An elimination reaction of free radicals is the mechanism by which free radicals can undergo an elimination reaction to form olefins. Such reactions are usually not major pathways for radical mediated reactions.

Reaction mechanisms
Radicals can undergo a disproportionation reaction through a radical elimination mechanism (See Fig. 1). Here a radical abstracts a hydrogen atom from another same radical to form two non-radical species: an alkane and an alkene.

Radicals can also undergo an elimination reaction to generate a new radical as the leaving group. For example, when polystyrene decomposes upon heating at a temperature above 300°C, a styrene monomer is generated via a radical elimination mechanism (See Fig. 2). Here, the new radical is generated on the polymer chain, which can further undergo a similar type of reaction to generate more styrene molecules.

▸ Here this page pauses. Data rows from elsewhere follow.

(* Let $\mathcal T$ be an orbital category and $\mathcal C$ a $\mathcal T$-weak indexing system. Then each of $c(\mathcal C)=\{V\in\mathcal T\mid *_V\in\mathcal C_V\}$, $\upsilon(\mathcal C)=\{V\in\mathcal T\mid\emptyset_V\in\mathcal C_V\}$, $\nabla(\mathcal C)=\{V\in\mathcal T\mid 2\cdot *_V\in\mathcal C_V\}$ is a $\mathcal T$-family.
   Context: For a small category $\mathcal T$, $\mathbb F_{\mathcal T}$ is the full subcategory of $\mathrm{Fun}(\mathcal T^{op},\mathrm{Set})$ on finite coproducts of representables; $\mathcal T$ is orbital if $\mathbb F_{\mathcal T}$ has pullbacks. $\mathbb F_V:=\mathbb F_{\mathcal T,/V}$, $*_V$ terminal, $\emptyset_V$ initial, $n\cdot S$ the $n$-fold coproduct; for $f:U\to V$ in $\mathcal T$, $\mathrm{Res}^V_U$ is pullback along $f$, $\mathrm{Ind}^V_U$ postcomposition. A full $\mathcal T$-subcategory $\mathcal C\subseteq\underline{\mathbb F}_{\mathcal T}$ is a choice of isomorphism-closed classes $\mathcal C_V\subseteq\mathrm{Ob}\,\mathbb F_V$ stable under all restrictions. For $S\in\mathbb F_V$ with orbits $U\in\mathrm{Orb}(S)$ (each with a map $U\to V$) and $T_U\in\mathbb F_U$, $\coprod_U^ST_U:=\coprod_U\mathrm{Ind}_U^VT_U$. A $\mathcal T$-weak indexing system is a full $\mathcal T$-subcategory $\mathcal C$ with: $\mathcal C_V\neq\emptyset\Rightarrow *_V\in\mathcal C_V$, and $S\in\mathcal C_V$, $T_U\in\mathcal C_U$ for all $U$ imply $\coprod^S_UT_U\in\mathcal C_V$. A $\mathcal T$-family is a full subcategory $\mathcal F\subseteq\mathcal T$ such that for every morphism $V\to W$ with $W\in\mathcal F$ we have $V\in\mathcal F$. *)

theory Defs
  imports Main
begin

record ('o, 'm) cat =
  Obj :: "'o set"
  Hom :: "'o \<Rightarrow> 'o \<Rightarrow> 'm set"
  cmp :: "'m \<Rightarrow> 'm \<Rightarrow> 'm"   (* cmp g f = g after f *)
  idt :: "'o \<Rightarrow> 'm"
section \<open>Decompositions and ranks\<close>

text \<open>With \<open>l\<^sub>i ^ ((n - 1) * m) = c\<^sub>i\<close>, the Vandermonde vector of \<open>(l\<^sub>i, l\<^sub>i t\<^sub>i)\<close>
  contributes \<open>c\<^sub>i t\<^sub>i ^ (i\<^sub>1 + \<dots> + i\<^sub>m)\<close> to the entry at \<open>(i\<^sub>1, \<dots>, i\<^sub>m)\<close>.\<close>
lemma hankel_tensor_vand_decomp:
  assumes "\<And>j. j \<le> (n - 1) * m \<Longrightarrow> h j = (\<Sum>i<R. c i * t i ^ j)" and "(n - 1) * m > 0"
  shows "has_vand_decomp n m R (hankel_tensor n m h)"
proof -
  have "\<forall>i. \<exists>l. l ^ ((n - 1) * m) = c i"
    using complex_root_exists[OF assms(2)] by blast
  then obtain l where l: "\<And>i. l i ^ ((n - 1) * m) = c i"
    by metis
  have "hankel_tensor n m h idx =
          (\<Sum>i<R. \<Prod>q<m. l i ^ (n - 1 - idx ! q) * (l i * t i) ^ (idx ! q))"
    if idx: "idx \<in> tindices n m" for idx
  proof -
    have len: "length idx = m"
      using idx unfolding tindices_def by simp
    have lt: "idx ! q \<le> n - 1" if "q < m" for q
    proof -
      have "idx ! q \<in> set idx"
        using that len by simp
      then show ?thesis
        using idx unfolding tindices_def by fastforce
    qed
    have sum: "sum_list idx = (\<Sum>q<m. idx ! q)"
      using len by (simp add: sum_list_sum_nth atLeast0LessThan)
    have "sum_list idx \<le> (n - 1) * m"
      unfolding sum using sum_bounded_above[of "{..<m}" "\<lambda>q. idx ! q" "n - 1"] lt
      by (simp add: mult.commute)
    moreover have "(\<Prod>q<m. l i ^ (n - 1 - idx ! q) * (l i * t i) ^ (idx ! q)) = c i * t i ^ sum_list idx"
      for i
    proof -
      have "l i ^ (n - 1 - idx ! q) * (l i * t i) ^ (idx ! q) = l i ^ (n - 1) * t i ^ (idx ! q)"
        if "q < m" for q
      proof -
        have "l i ^ (n - 1) = l i ^ (n - 1 - idx ! q) * l i ^ (idx ! q)"
          using lt[OF that] by (metis le_add_diff_inverse2 power_add)
        then show ?thesis
          by (simp add: power_mult_distrib)
      qed
      then have "(\<Prod>q<m. l i ^ (n - 1 - idx ! q) * (l i * t i) ^ (idx ! q))
                  = l i ^ ((n - 1) * m) * t i ^ (\<Sum>q<m. idx ! q)"
        by (simp add: prod.distrib power_sum power_mult)
      then show ?thesis
        using l[of i] sum by simp
    qed
    ultimately show ?thesis
      using assms(1) unfolding hankel_tensor_def by simp
  qed
  then show ?thesis
    unfolding has_vand_decomp_def by (intro exI[of _ l] exI[of _ "\<lambda>i. l i * t i"]) simp
qed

This process is known as the radical mediated depolymerization of polystyrene.

Radical elimination reactions are found in enzyme-catalyzed pathways. In the dehydrogenation reaction of acyl-CoA to form enoyl-CoA, FAD accepts two protons and two electrons to form FADH2 under the catalysis of acyl-CoA dehydrogenase.  The mechanism involves formation of acyl-CoA β-radical that undergo elimination to form the enoyl-CoA product (See Fig. 3).